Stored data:
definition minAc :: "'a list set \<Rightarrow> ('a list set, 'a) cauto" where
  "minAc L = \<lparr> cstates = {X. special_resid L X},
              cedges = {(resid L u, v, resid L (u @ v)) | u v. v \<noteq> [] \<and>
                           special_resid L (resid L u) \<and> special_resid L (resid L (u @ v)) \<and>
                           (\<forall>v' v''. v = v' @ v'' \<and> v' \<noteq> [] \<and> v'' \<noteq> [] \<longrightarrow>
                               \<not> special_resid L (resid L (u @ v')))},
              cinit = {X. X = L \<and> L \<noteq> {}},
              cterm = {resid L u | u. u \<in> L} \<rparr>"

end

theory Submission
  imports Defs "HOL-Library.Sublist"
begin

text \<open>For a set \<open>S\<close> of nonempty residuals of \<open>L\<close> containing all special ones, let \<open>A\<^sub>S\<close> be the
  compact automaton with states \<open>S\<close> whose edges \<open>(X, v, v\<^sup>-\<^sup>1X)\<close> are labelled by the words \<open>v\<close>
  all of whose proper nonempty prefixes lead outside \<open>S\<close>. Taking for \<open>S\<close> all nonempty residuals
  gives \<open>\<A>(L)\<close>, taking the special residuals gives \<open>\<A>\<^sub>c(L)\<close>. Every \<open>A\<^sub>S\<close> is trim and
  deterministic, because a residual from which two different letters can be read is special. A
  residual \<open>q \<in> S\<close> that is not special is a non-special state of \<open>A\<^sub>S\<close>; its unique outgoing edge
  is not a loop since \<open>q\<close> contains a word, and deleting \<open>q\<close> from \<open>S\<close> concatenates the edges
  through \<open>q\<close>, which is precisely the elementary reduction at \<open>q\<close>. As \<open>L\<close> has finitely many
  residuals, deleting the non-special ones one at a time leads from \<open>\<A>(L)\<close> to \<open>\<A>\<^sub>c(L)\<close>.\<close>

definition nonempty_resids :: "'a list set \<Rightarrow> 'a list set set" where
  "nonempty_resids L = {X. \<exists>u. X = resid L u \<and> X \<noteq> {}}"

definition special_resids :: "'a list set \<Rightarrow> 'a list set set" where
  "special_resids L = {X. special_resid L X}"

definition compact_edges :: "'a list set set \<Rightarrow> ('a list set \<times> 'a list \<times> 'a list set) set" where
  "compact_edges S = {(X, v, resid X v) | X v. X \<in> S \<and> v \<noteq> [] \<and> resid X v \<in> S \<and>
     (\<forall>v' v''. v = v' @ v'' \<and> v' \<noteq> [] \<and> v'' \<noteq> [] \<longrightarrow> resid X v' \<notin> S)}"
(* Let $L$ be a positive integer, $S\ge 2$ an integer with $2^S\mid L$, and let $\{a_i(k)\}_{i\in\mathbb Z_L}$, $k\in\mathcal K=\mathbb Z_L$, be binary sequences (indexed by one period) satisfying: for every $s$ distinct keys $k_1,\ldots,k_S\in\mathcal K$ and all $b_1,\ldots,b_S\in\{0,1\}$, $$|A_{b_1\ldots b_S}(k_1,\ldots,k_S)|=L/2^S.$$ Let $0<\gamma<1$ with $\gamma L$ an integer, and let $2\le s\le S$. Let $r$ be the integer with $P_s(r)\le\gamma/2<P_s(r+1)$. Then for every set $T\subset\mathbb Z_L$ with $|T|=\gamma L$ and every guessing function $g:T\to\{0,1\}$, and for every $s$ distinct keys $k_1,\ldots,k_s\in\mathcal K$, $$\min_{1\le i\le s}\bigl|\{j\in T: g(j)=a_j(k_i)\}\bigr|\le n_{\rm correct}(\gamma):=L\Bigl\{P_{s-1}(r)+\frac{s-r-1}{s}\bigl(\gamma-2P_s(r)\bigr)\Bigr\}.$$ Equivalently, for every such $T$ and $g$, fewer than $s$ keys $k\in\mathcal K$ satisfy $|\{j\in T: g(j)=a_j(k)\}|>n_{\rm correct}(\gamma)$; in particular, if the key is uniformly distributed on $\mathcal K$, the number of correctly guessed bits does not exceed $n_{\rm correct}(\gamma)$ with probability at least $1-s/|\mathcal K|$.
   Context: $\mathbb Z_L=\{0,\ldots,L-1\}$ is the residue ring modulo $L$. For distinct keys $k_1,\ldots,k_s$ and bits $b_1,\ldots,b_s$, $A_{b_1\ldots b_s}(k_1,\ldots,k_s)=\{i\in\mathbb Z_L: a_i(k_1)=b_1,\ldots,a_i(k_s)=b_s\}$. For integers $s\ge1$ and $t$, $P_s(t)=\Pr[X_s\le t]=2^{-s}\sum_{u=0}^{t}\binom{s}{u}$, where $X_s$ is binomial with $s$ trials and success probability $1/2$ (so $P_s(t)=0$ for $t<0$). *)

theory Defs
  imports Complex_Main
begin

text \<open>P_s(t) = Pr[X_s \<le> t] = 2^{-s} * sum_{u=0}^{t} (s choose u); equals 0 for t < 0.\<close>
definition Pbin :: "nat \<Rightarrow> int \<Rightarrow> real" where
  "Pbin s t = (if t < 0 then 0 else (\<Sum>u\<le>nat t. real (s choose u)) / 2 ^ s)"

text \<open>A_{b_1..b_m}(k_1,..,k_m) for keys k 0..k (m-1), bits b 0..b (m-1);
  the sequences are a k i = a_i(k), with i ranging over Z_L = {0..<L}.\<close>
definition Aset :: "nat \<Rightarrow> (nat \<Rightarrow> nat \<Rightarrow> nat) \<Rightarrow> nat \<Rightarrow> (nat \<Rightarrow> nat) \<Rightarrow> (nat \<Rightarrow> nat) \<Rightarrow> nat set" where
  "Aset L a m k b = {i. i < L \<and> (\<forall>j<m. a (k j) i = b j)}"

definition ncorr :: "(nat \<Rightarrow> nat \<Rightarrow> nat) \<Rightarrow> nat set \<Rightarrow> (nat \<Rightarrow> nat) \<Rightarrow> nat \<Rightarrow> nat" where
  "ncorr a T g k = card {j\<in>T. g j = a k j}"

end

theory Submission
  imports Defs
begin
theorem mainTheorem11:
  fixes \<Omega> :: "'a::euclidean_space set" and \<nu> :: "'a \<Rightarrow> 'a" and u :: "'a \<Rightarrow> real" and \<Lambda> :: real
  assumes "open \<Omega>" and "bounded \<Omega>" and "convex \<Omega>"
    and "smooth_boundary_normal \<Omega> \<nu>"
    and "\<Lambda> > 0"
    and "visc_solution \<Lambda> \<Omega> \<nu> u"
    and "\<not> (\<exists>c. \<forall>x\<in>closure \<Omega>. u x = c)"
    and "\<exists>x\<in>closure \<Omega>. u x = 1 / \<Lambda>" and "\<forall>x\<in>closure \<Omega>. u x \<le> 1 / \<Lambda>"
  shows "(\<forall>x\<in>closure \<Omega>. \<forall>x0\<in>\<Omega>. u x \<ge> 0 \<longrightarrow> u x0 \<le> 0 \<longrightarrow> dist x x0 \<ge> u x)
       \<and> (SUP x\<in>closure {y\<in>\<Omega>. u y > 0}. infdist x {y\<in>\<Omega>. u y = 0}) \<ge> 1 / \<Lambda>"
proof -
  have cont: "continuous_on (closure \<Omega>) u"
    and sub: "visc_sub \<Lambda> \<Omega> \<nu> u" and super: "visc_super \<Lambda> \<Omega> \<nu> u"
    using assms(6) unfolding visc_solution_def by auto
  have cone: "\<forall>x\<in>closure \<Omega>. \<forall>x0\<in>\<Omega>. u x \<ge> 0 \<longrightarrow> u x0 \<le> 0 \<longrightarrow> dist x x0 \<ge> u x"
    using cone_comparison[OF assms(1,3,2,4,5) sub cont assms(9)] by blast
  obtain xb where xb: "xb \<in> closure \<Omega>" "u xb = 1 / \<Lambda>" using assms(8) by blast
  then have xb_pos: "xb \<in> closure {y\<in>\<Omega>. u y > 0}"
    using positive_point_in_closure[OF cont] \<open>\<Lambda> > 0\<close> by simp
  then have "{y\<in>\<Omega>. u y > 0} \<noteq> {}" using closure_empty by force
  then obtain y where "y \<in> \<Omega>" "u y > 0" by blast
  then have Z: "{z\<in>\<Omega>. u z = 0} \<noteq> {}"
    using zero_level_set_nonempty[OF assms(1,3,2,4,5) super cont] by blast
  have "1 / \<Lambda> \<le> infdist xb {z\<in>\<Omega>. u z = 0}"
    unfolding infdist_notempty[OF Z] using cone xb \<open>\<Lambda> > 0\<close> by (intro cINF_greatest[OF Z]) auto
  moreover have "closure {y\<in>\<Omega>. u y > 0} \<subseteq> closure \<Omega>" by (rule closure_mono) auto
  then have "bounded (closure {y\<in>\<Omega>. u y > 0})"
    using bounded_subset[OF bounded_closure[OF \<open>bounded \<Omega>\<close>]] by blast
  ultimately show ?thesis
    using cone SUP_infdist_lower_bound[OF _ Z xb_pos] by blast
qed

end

### Problem details
Across the records above, in how many lines does the string "whose" appear? Reply with the figure alone.

### Written answer
2